La Directrice générale en charge des pêches et des affaires maritimes de l’Union européenne, Mme CHARLINA VITCHEVA, s’est également appesantie sur les liens entre climat et océans.  L’Union européenne (UE), a-t-elle expliqué, a déposé sept engagements volontaires relatifs aux océans et au climat.  Ceux-ci portent par exemple sur l’observation de la Terre par des satellites afin d’assurer un suivi des changements climatiques et établir des prévisions sur les océans.  Selon elle, aborder ces interconnexions, c’est faire preuve de bon sens, mais aussi ce qui est exigé par le droit international.

Au cours des 10 dernières années, nous avons fourni environ 120 millions de dollars à des groupes travaillant dans plus de 60 pays, a pour sa part souligné M. J. CHARLES FOX, Directeur exécutif de Ocean 5, une coalition internationale de bailleurs de fonds, 23 fondations privées d’Amérique du Nord et d’Europe, qui fournissent des subventions aux organisations de la société civile œuvrant à la mise en place de nouvelles politiques de conservation des océans à travers le monde.  Il a indiqué que les dons versés en faveur de la lutte contre les changements climatiques sont probablement 6 à 10 fois plus importants que ceux dédiés aux océans.  Il s’est tout de même réjoui de constater qu’un important groupe de donateurs souhaiterait soutenir l’objectif « 30x30 » qui consiste à préserver 30% des océans d’ici à 2030. 

Cette perspective de financement a été bien accueillie par Cabo Verde qui a fait observer que réaliser l’ODD 14 et les autres objectifs exige de renforcer les financements en faveur des pays en développement, notamment les petits États insulaires en développement (PEID).  Parmi ces derniers, la Trinité-et-Tobago a appelé à renforcer les interconnexions entre océans et changements climatiques, afin de renforcer le lien entre les ODD 14 et 13.  L’Autorité internationale des fonds marins a également expliqué l’importance de bien gérer les fonds marins.  Elle a pour sa part travaillé à la mise en œuvre de 12 des 17 ODD, a-t-elle fait valoir.  La Roumanie a confirmé que la clef serait d’exploiter les liens entre l’ODD 14 et les autres, en s’appuyant par exemple sur la coopération régionale en vue de mener conjointement des activités ciblant l’ODD 14 en relation avec les autres.  Les Philippines ont aussi plaidé pour une approche intégrée tenant compte des partenariats, tandis que le Brésil a aussi parié sur des partenariats avec le secteur privé pour la conservation des ressources hydriques du pays.

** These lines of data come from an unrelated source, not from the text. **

(* Let $\mathcal P$ be a family of subsets of a set $X$ with $\mathcal P\subseteq\mathcal P_{seq}$. Then the $\mathcal Q_{\mathcal P}$-topology on $X/\mathcal P$ is Hausdorff.
   Context: $[x]_{\mathcal P}=\{y\in X:\forall V\in\mathcal P\ (x\in V\iff y\in V)\}$, $X/\mathcal P=\{[x]_{\mathcal P}:x\in X\}$, $q(x)=[x]_{\mathcal P}$, and the $\mathcal Q_{\mathcal P}$-topology is the coarsest topology on $X/\mathcal P$ containing all sets $q[V]$, $V\in\mathcal P$. $\mathcal P_{seq}$ is the family of all sets $W$ for which there exist $\{U_n\}_{n\in\omega},\{V_n\}_{n\in\omega}\subseteq\mathcal P$ with $U_k\subseteq X\setminus V_k\subseteq U_{k+1}$ for every $k$ and $\bigcup_nU_n=W$. *)

theory Defs
  imports "HOL-Analysis.Analysis"
begin

definition pclass :: "'a set \<Rightarrow> 'a set set \<Rightarrow> 'a \<Rightarrow> 'a set" where
  "pclass X P x = {y \<in> X. \<forall>V\<in>P. (x \<in> V \<longleftrightarrow> y \<in> V)}"

definition pquot :: "'a set \<Rightarrow> 'a set set \<Rightarrow> 'a set set" where
  "pquot X P = pclass X P ` X"

text \<open>The Q_P-topology: coarsest topology on X/P containing all q[V], V in P.
  The whole space X/P is added as a generator so that the topspace is X/P.\<close>
definition Q_topology :: "'a set \<Rightarrow> 'a set set \<Rightarrow> 'a set topology" where
  "Q_topology X P = topology_generated_by (insert (pquot X P) ((\<lambda>V. pclass X P ` V) ` P))"

definition P_seq :: "'a set \<Rightarrow> 'a set set \<Rightarrow> 'a set set" where
  "P_seq X P = {W. \<exists>U V :: nat \<Rightarrow> 'a set. (\<forall>n. U n \<in> P \<and> V n \<in> P) \<and>
      (\<forall>k. U k \<subseteq> X - V k \<and> X - V k \<subseteq> U (Suc k)) \<and> (\<Union>n. U n) = W}"

end

theory Submission
  imports Defs
begin

text \<open>Two distinct classes are told apart by some \<open>W \<in> P\<close> containing the point \<open>a\<close> of one
  class but not the point \<open>b\<close> of the other. Writing \<open>W = \<Union>n. U n\<close> as in the definition of
  \<open>P_seq\<close>, pick \<open>n\<close> with \<open>a \<in> U n\<close>; since \<open>b \<notin> U (Suc n) \<supseteq> X - V n\<close>, we get \<open>b \<in> V n\<close>,
  while \<open>U n \<inter> V n = {}\<close>. The images of \<open>U n\<close> and \<open>V n\<close> in \<open>X/P\<close> are then disjoint open
  neighbourhoods of the two classes.\<close>

lemma pclass_eqI:
  assumes "\<forall>V\<in>P. a \<in> V \<longleftrightarrow> b \<in> V"
  shows "pclass X P a = pclass X P b"
  using assms unfolding pclass_def by auto

lemma pclass_eq_imp_mem_iff:
  assumes "pclass X P u = pclass X P w" and "u \<in> X" and "V \<in> P"
  shows "u \<in> V \<longleftrightarrow> w \<in> V"
proof -
  have "u \<in> pclass X P w"
    using assms(1,2) unfolding pclass_def by auto
  then show ?thesis
    using assms(3) unfolding pclass_def by auto
qed

lemma disjnt_pclass_image:
  assumes "A \<subseteq> X" and "B \<in> P" and "A \<inter> B = {}"
  shows "disjnt (pclass X P ` A) (pclass X P ` B)"
  unfolding disjnt_def
proof (rule equals0I)
  fix c assume "c \<in> pclass X P ` A \<inter> pclass X P ` B"
  then obtain u w where "u \<in> A" "w \<in> B" "pclass X P u = pclass X P w"
    by (metis IntE imageE)
  with assms show False
    using pclass_eq_imp_mem_iff[of X P u w B] by blast
qed

lemma topspace_Q_topology:
  assumes "\<forall>V\<in>P. V \<subseteq> X"
  shows "topspace (Q_topology X P) = pquot X P"
  using assms unfolding Q_topology_def pquot_def by auto

lemma openin_Q_topology_image:
  assumes "V \<in> P"
  shows "openin (Q_topology X P) (pclass X P ` V)"
  unfolding Q_topology_def by (rule topology_generated_by_Basis) (use assms in blast)

lemma P_seq_separates:
  assumes "W \<in> P_seq X P" and "x \<in> W" and "y \<in> X - W"
  obtains A B where "A \<in> P" "B \<in> P" "x \<in> A" "y \<in> B" "A \<inter> B = {}"
proof -
  from assms(1) obtain U V :: "nat \<Rightarrow> 'a set" where UV: "\<forall>n. U n \<in> P \<and> V n \<in> P"
    and chain: "\<forall>k. U k \<subseteq> X - V k \<and> X - V k \<subseteq> U (Suc k)" and W: "(\<Union>n. U n) = W"
    unfolding P_seq_def by blast
  from assms(2) W obtain n where "x \<in> U n" by blast
  moreover have "y \<in> V n"
    using assms(3) W chain by blast
  moreover have "U n \<inter> V n = {}"
    using chain by blast
  ultimately show thesis
    using that UV by blast
qed

lemma Q_topology_separated_pclasses:
  assumes "\<forall>V\<in>P. V \<subseteq> X"
    and "A \<in> P" and "B \<in> P" and "a \<in> A" and "b \<in> B" and "A \<inter> B = {}"
  shows "\<exists>S T. openin (Q_topology X P) S \<and> openin (Q_topology X P) T \<and>
      pclass X P a \<in> S \<and> pclass X P b \<in> T \<and> disjnt S T"
proof (intro exI conjI)
  show "disjnt (pclass X P ` A) (pclass X P ` B)"
    using assms by (intro disjnt_pclass_image) auto
qed (use assms openin_Q_topology_image in auto)

theorem lemma3:
  fixes X :: "'a set" and P :: "'a set set"
  assumes "\<forall>V\<in>P. V \<subseteq> X"
    and "P \<subseteq> P_seq X P"
  shows "Hausdorff_space (Q_topology X P)"
  unfolding Hausdorff_space_def topspace_Q_topology[OF assms(1)] pquot_def
proof (intro allI impI, elim conjE imageE)
  fix c d a b
  assume "c \<noteq> d" and c: "c = pclass X P a" and d: "d = pclass X P b"
    and "a \<in> X" "b \<in> X"
  then have "\<not> (\<forall>V\<in>P. a \<in> V \<longleftrightarrow> b \<in> V)"
    using pclass_eqI by metis
  then obtain W where "W \<in> P" and W_sep: "a \<in> W \<longleftrightarrow> b \<notin> W"
    by blast
  then have "W \<in> P_seq X P"
    using assms(2) by blast
  consider "a \<in> W" "b \<in> X - W" | "b \<in> W" "a \<in> X - W"
    using W_sep \<open>a \<in> X\<close> \<open>b \<in> X\<close> by blast
  then show "\<exists>S T. openin (Q_topology X P) S \<and> openin (Q_topology X P) T \<and>
      c \<in> S \<and> d \<in> T \<and> disjnt S T"
  proof cases
    case 1
    obtain A B where "A \<in> P" "B \<in> P" "a \<in> A" "b \<in> B" "A \<inter> B = {}"
      using P_seq_separates[OF \<open>W \<in> P_seq X P\<close> 1] .
    then show ?thesis
      unfolding c d by (rule Q_topology_separated_pclasses[OF assms(1)])
  next
    case 2
    obtain A B where "A \<in> P" "B \<in> P" "b \<in> A" "a \<in> B" "A \<inter> B = {}"
      using P_seq_separates[OF \<open>W \<in> P_seq X P\<close> 2] .
    then have "\<exists>T S. openin (Q_topology X P) T \<and> openin (Q_topology X P) S \<and>
        d \<in> T \<and> c \<in> S \<and> disjnt T S"
      unfolding c d by (rule Q_topology_separated_pclasses[OF assms(1)])
    then show ?thesis
      using disjnt_sym by blast
  qed
qed

end
(* Let $\mathcal A$ be a $K$-armed bandit algorithm which at each round $t$ draws $A_t$ according to a probability vector $x_t=x_t(\mathcal A)$ determined by the past, i.e. $\mathbb P(A_t=a\mid\mathcal F_{t-1})=x_{t,a}$, and let $\overline x_T=\frac1T\sum_{t=1}^Tx_t$. Suppose there exists $\varepsilon=\varepsilon_T>0$ with $T\varepsilon\to\infty$ and $\min_{a\in[K]}\overline x_{T,a}\ge\varepsilon$. Suppose additionally that there exists a deterministic probability vector $x^\star_T$ with all coordinates positive such that $\overline x_{T,a}/x^\star_{T,a}\to1$ in probability for every arm $a\in[K]$. Then $\mathcal A$ is stable.
   Context: $\mathcal F_{t-1}$ is the sigma-field generated by the history up to round $t-1$. $n_{a,T}=\sum_{t=1}^T\mathbb I\{A_t=a\}$. An algorithm is stable if for every arm $a$ there exist non-random scalars $n^\star_{a,T}$ (possibly depending on the problem parameters and $T$) such that $n_{a,T}/n^\star_{a,T}\to1$ in probability and $n^\star_{a,T}\to\infty$ as $T\to\infty$. *)

theory Defs
  imports "HOL-Probability.Probability"
begin

definition pulls :: "(nat \<Rightarrow> 'w \<Rightarrow> nat) \<Rightarrow> nat \<Rightarrow> nat \<Rightarrow> 'w \<Rightarrow> nat" where
  "pulls A T a \<omega> = card {t \<in> {1..T}. A t \<omega> = a}"

definition avg_prob :: "(nat \<Rightarrow> nat \<Rightarrow> 'w \<Rightarrow> real) \<Rightarrow> nat \<Rightarrow> nat \<Rightarrow> 'w \<Rightarrow> real" where
  "avg_prob x T a \<omega> = (1 / real T) * (\<Sum>t = 1..T. x t a \<omega>)"

definition conv_in_prob :: "'w measure \<Rightarrow> (nat \<Rightarrow> 'w \<Rightarrow> real) \<Rightarrow> real \<Rightarrow> bool" where
  "conv_in_prob M Y c \<longleftrightarrow>
     (\<forall>\<delta>>0. (\<lambda>T. measure M {\<omega> \<in> space M. \<bar>Y T \<omega> - c\<bar> > \<delta>}) \<longlonglongrightarrow> 0)"

definition stable :: "'w measure \<Rightarrow> nat \<Rightarrow> (nat \<Rightarrow> 'w \<Rightarrow> nat) \<Rightarrow> bool" where
  "stable M K A \<longleftrightarrow>
     (\<forall>a < K. \<exists>nstar :: nat \<Rightarrow> real.
        conv_in_prob M (\<lambda>T \<omega>. real (pulls A T a \<omega>) / nstar T) 1 \<and>
        filterlim nstar at_top sequentially)"

end

theory Submission
  imports Defs
begin

(*
  Fix an arm a, let N_T be its number of pulls, S_T = x_{1,a} + ... + x_{T,a} the compensator
  of N_T, and n*_T = T x*_{T,a}, so that S_T / n*_T = xbar_{T,a} / x*_{T,a} tends to 1 in
  probability.  Since xbar_{T,a} >= eps_T almost surely, with positive probability
  eps_T <= xbar_{T,a} <= 2 x*_{T,a}; hence n*_T >= T eps_T / 2 tends to infinity.

  N_T - S_T is a sum of martingale differences I_t - x_{t,a} whose conditional variances
  x_{t,a} (1 - x_{t,a}) add up to at most S_T.  Chebyshev's inequality then gives
  N_T / n*_T -> 1 in probability.
*)

lemma sum_up_to_threshold_le:
  fixes q :: "nat \<Rightarrow> real"
  assumes q_nonneg: "\<And>t. 0 \<le> q t" and c: "0 \<le> c"
  shows "(\<Sum>t=1..n. (if (\<Sum>s=1..t. q s) \<le> c then 1 else 0) * q t) \<le> min (\<Sum>t=1..n. q t) c"
proof (induction n)
  case 0
  then show ?case using c by simp
next
  case (Suc n)
  have "(\<Sum>t=1..n. q t) \<le> (\<Sum>t=1..Suc n. q t)"
    using q_nonneg[of "Suc n"] by simp
  with Suc.IH show ?case by auto
qed

lemma count_deviation_le:
  fixes i q :: "nat \<Rightarrow> real" and m \<eta> :: real
  assumes q_nonneg: "\<And>t. 0 \<le> q t" and m: "0 < m" and \<eta>: "\<eta> \<le> 1"
    and close: "\<bar>(\<Sum>t=1..n. q t) / m - 1\<bar> \<le> \<eta>"
  shows "\<bar>(\<Sum>t=1..n. i t) / m - 1\<bar>
    \<le> \<bar>\<Sum>t=1..n. (if (\<Sum>s=1..t. q s) \<le> 2 * m then 1 else 0) * (i t - q t)\<bar> / m + \<eta>"
proof -
  have "(\<Sum>t=1..n. q t) / m \<le> 2" using close \<eta> by linarith
  then have total_below: "(\<Sum>t=1..n. q t) \<le> 2 * m" using m by (simp add: divide_le_eq)
  have below: "(\<Sum>s=1..t. q s) \<le> 2 * m" if "t \<in> {1..n}" for t
  proof -
    have "(\<Sum>s=1..t. q s) \<le> (\<Sum>s=1..n. q s)"
      using that q_nonneg by (intro sum_mono2) auto
    with total_below show ?thesis by linarith
  qed
  have truncation_inactive: "(\<Sum>t=1..n. (if (\<Sum>s=1..t. q s) \<le> 2 * m then 1 else 0) * (i t - q t))
      = (\<Sum>t=1..n. i t) - (\<Sum>t=1..n. q t)"
    using below by (simp add: sum_subtractf)
  have "\<bar>(\<Sum>t=1..n. i t) / m - 1\<bar>
      = \<bar>((\<Sum>t=1..n. i t) - (\<Sum>t=1..n. q t)) / m + ((\<Sum>t=1..n. q t) / m - 1)\<bar>"
    by (simp add: diff_divide_distrib)
  also have "\<dots> \<le> \<bar>((\<Sum>t=1..n. i t) - (\<Sum>t=1..n. q t)) / m\<bar> + \<bar>(\<Sum>t=1..n. q t) / m - 1\<bar>"
    by (rule abs_triangle_ineq)
  also have "\<dots> \<le> \<bar>(\<Sum>t=1..n. i t) - (\<Sum>t=1..n. q t)\<bar> / m + \<eta>"
    using close m by (simp add: abs_divide)
  finally show ?thesis
    unfolding truncation_inactive .
qed

(* Apart from the conditional variance G^2 q (1 - q), every term is a multiple of J - q. *)
lemma square_increment_decomposition:
  fixes P G J q :: real
  assumes "J = 0 \<or> J = 1"
  shows "(P + G * (J - q))\<^sup>2 = P\<^sup>2 + G\<^sup>2 * q * (1 - q) + (2 * P * G + G\<^sup>2 * (1 - 2 * q)) * (J - q)"
  using assms by (elim disjE) (simp_all add: power2_eq_square algebra_simps)

lemma variance_term_bounds:
  fixes a b :: real
  assumes "\<bar>a\<bar> \<le> 1" "0 \<le> b" "b \<le> 1"
  shows "0 \<le> a\<^sup>2 * b * (1 - b)" "a\<^sup>2 * b * (1 - b) \<le> \<bar>a\<bar> * b"
proof -
  show "0 \<le> a\<^sup>2 * b * (1 - b)" using assms by simp
  have "a\<^sup>2 = \<bar>a\<bar> * \<bar>a\<bar>"
    by (simp add: power2_eq_square)
  also have "\<dots> \<le> \<bar>a\<bar> * 1"
    using assms(1) by (intro mult_left_mono) auto
  finally have "a\<^sup>2 \<le> \<bar>a\<bar>" by simp
  then have "a\<^sup>2 * (b * (1 - b)) \<le> \<bar>a\<bar> * (b * 1)"
    using assms by (intro mult_mono) auto
  then show "a\<^sup>2 * b * (1 - b) \<le> \<bar>a\<bar> * b" by (simp add: mult.assoc)
qed

lemma (in finite_measure) integrable_bounded_real:
  fixes f :: "'a \<Rightarrow> real"
  assumes "f \<in> borel_measurable M" "\<And>\<omega>. \<omega> \<in> space M \<Longrightarrow> \<bar>f \<omega>\<bar> \<le> B"
  shows "integrable M f"
  using assms by (intro integrable_const_bound[where B = B]) auto

lemma (in finite_measure) integrable_square_bounded_real:
  fixes f :: "'a \<Rightarrow> real"
  assumes "\<And>\<omega>. \<omega> \<in> space M \<Longrightarrow> \<bar>f \<omega>\<bar> \<le> B" "f \<in> borel_measurable M"
  shows "integrable M (\<lambda>\<omega>. (f \<omega>)\<^sup>2)"
proof (rule integrable_bounded_real[where B = "B\<^sup>2"])
  fix \<omega> assume "\<omega> \<in> space M"
  then have "\<bar>f \<omega>\<bar>\<^sup>2 \<le> B\<^sup>2"
    using assms(1) by (intro power_mono) auto
  then show "\<bar>(f \<omega>)\<^sup>2\<bar> \<le> B\<^sup>2" by simp
qed (use assms(2) in measurable)

lemma (in prob_space) eventually_le_of_conv_in_prob_ratio:
  fixes Y :: "nat \<Rightarrow> 'a \<Rightarrow> real"
  assumes conv: "conv_in_prob M (\<lambda>T \<omega>. Y T \<omega> / c T) 1"
    and Y_measurable: "\<And>T. Y T \<in> borel_measurable M"
    and c_pos: "\<And>T. 0 < c T"
    and lower: "\<forall>\<^sub>F T in sequentially. AE \<omega> in M. e T \<le> Y T \<omega>"
  shows "\<forall>\<^sub>F T in sequentially. e T \<le> 2 * c T"
proof -
  have "(\<lambda>T. prob {\<omega> \<in> space M. 1 < \<bar>Y T \<omega> / c T - 1\<bar>}) \<longlonglongrightarrow> 0"
    using conv unfolding conv_in_prob_def by simp
  then have "\<forall>\<^sub>F T in sequentially. prob {\<omega> \<in> space M. 1 < \<bar>Y T \<omega> / c T - 1\<bar>} < 1"
    by (rule order_tendstoD) simp
  then show ?thesis
    using lower
  proof eventually_elim
    case (elim T)
    have [measurable]: "Y T \<in> borel_measurable M" by (rule Y_measurable)
    have "\<not> (AE \<omega> in M. 1 < \<bar>Y T \<omega> / c T - 1\<bar>)"
      using elim(1) prob_Collect_eq_1[of "\<lambda>\<omega>. 1 < \<bar>Y T \<omega> / c T - 1\<bar>"] by simp
    then obtain \<omega> where "\<omega> \<in> space M" "e T \<le> Y T \<omega>" "\<bar>Y T \<omega> / c T - 1\<bar> \<le> 1"
      using AE_mp[OF elim(2)] by (metis (mono_tags, lifting) AE_I2 not_less)
    then show "e T \<le> 2 * c T"
      using c_pos[of T] by (simp add: abs_le_iff divide_le_eq)
  qed
qed

lemma (in prob_space) filterlim_of_conv_in_prob_ratio:
  fixes Y :: "nat \<Rightarrow> 'a \<Rightarrow> real"
  assumes conv: "conv_in_prob M (\<lambda>T \<omega>. Y T \<omega> / c T) 1"
    and Y_measurable: "\<And>T. Y T \<in> borel_measurable M"
    and c_pos: "\<And>T. 0 < c T"
    and lower: "\<forall>\<^sub>F T in sequentially. AE \<omega> in M. e T \<le> Y T \<omega>"
    and e_lim: "filterlim (\<lambda>T. real T * e T) at_top sequentially"
  shows "filterlim (\<lambda>T. real T * c T) at_top sequentially"
proof -
  have "\<forall>\<^sub>F T in sequentially. e T \<le> 2 * c T"
    using conv Y_measurable c_pos lower by (rule eventually_le_of_conv_in_prob_ratio)
  then have "\<forall>\<^sub>F T in sequentially. real T * e T / 2 \<le> real T * c T"
  proof eventually_elim
    case (elim T)
    then have "real T * e T \<le> real T * (2 * c T)"
      by (intro mult_left_mono) auto
    then show ?case by simp
  qed
  moreover have "filterlim (\<lambda>T. real T * e T / 2) at_top sequentially"
    using filterlim_tendsto_pos_mult_at_top[OF tendsto_const _ e_lim, of "1 / 2"] by simp
  ultimately show ?thesis
    by (rule filterlim_at_top_mono[rotated])
qed

locale predictable_bernoulli = prob_space M for M :: "'w measure" +
  fixes F :: "nat \<Rightarrow> 'w measure" and I p :: "nat \<Rightarrow> 'w \<Rightarrow> real"
  assumes subalgebra: "\<And>t. subalgebra M (F t)"
    and filtration_mono: "\<And>s t. s \<le> t \<Longrightarrow> sets (F s) \<subseteq> sets (F t)"
    and I_measurable: "\<And>t. I t \<in> borel_measurable (F t)"
    and I_01: "\<And>t \<omega>. \<omega> \<in> space M \<Longrightarrow> I t \<omega> = 0 \<or> I t \<omega> = 1"
    and p_measurable: "\<And>t. t \<ge> 1 \<Longrightarrow> p t \<in> borel_measurable (F (t - 1))"
    and p_nonneg: "\<And>t \<omega>. \<omega> \<in> space M \<Longrightarrow> 0 \<le> p t \<omega>"
    and p_le_1: "\<And>t \<omega>. \<omega> \<in> space M \<Longrightarrow> p t \<omega> \<le> 1"
    and cond_exp_I: "\<And>t. t \<ge> 1 \<Longrightarrow> AE \<omega> in M. real_cond_exp M (F (t - 1)) (I t) \<omega> = p t \<omega>"
begin

lemma borel_measurable_filtration_mono:
  assumes "s \<le> t" "f \<in> borel_measurable (F s)"
  shows "f \<in> borel_measurable (F t)"
proof -
  have "subalgebra (F t) (F s)"
    using subalgebra[of s] subalgebra[of t] filtration_mono[OF assms(1)]
    unfolding subalgebra_def by auto
  then show ?thesis
    using measurable_from_subalg assms(2) by blast
qed

lemma borel_measurable_filtration:
  "f \<in> borel_measurable (F s) \<Longrightarrow> f \<in> borel_measurable M"
  using measurable_from_subalg[OF subalgebra] by blast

Nauru, qui s’exprimait au nom des petits États insulaire en développement du Pacifique, a également appelé à la coopération entre les parties prenantes.  Pour sa déléguée, l’éducation des jeunes aux questions océaniques est cruciale.  Elle a appelé à la mobilisation des fonds publics et privés en faveur de l’ODD 14 et des autres, en droite ligne des Orientations de Samoa.  Le Zimbabwe a insisté sur le renforcement des capacités et le transfert des technologies afin de soutenir les pays en développement, notamment ceux sans littoral, pour réaliser l’ODD 14, et partant, les autres ODD.  Même son de cloche pour la Colombie qui a souligné l’importance de l’assistance financière pour les projets des pays en développement. 

Le grand groupe des enfants et des jeunes a invité les politiques à collaborer avec les jeunes pour la prise de décisions, ainsi que les dirigeants à écouter la science.  Je suis lasse d’entendre les adultes parler de leurs erreurs, s’est empotée la déléguée d’Acqua Matter, en implorant les délégations d’inclure les agents du changement que sont les jeunes.  Au sein du International Council for Local Environmental Initiatives, on appelle les dirigeants à mettre l’accent sur les initiatives locales.  Haïti a dit sa détermination à coopérer avec les acteurs multinationaux pour créer un cadre national de gestion des océans qui veillera à ne laisser personne de côté.  Quant à Medical Impact, elle a regretté que les États n’aient pas réagi à l’acidification des océans avec la même urgence que pour la COVID-19, alors que la mauvaise santé des océans pourrait tuer autant de gens que la pandémie.  Enfin, l’organisation Apco Worldwide a dit miser sur le recyclage, en se servant des technologies modernes et du principe selon lequel « la poubelle de l’un peut être le trésor de l’autre ».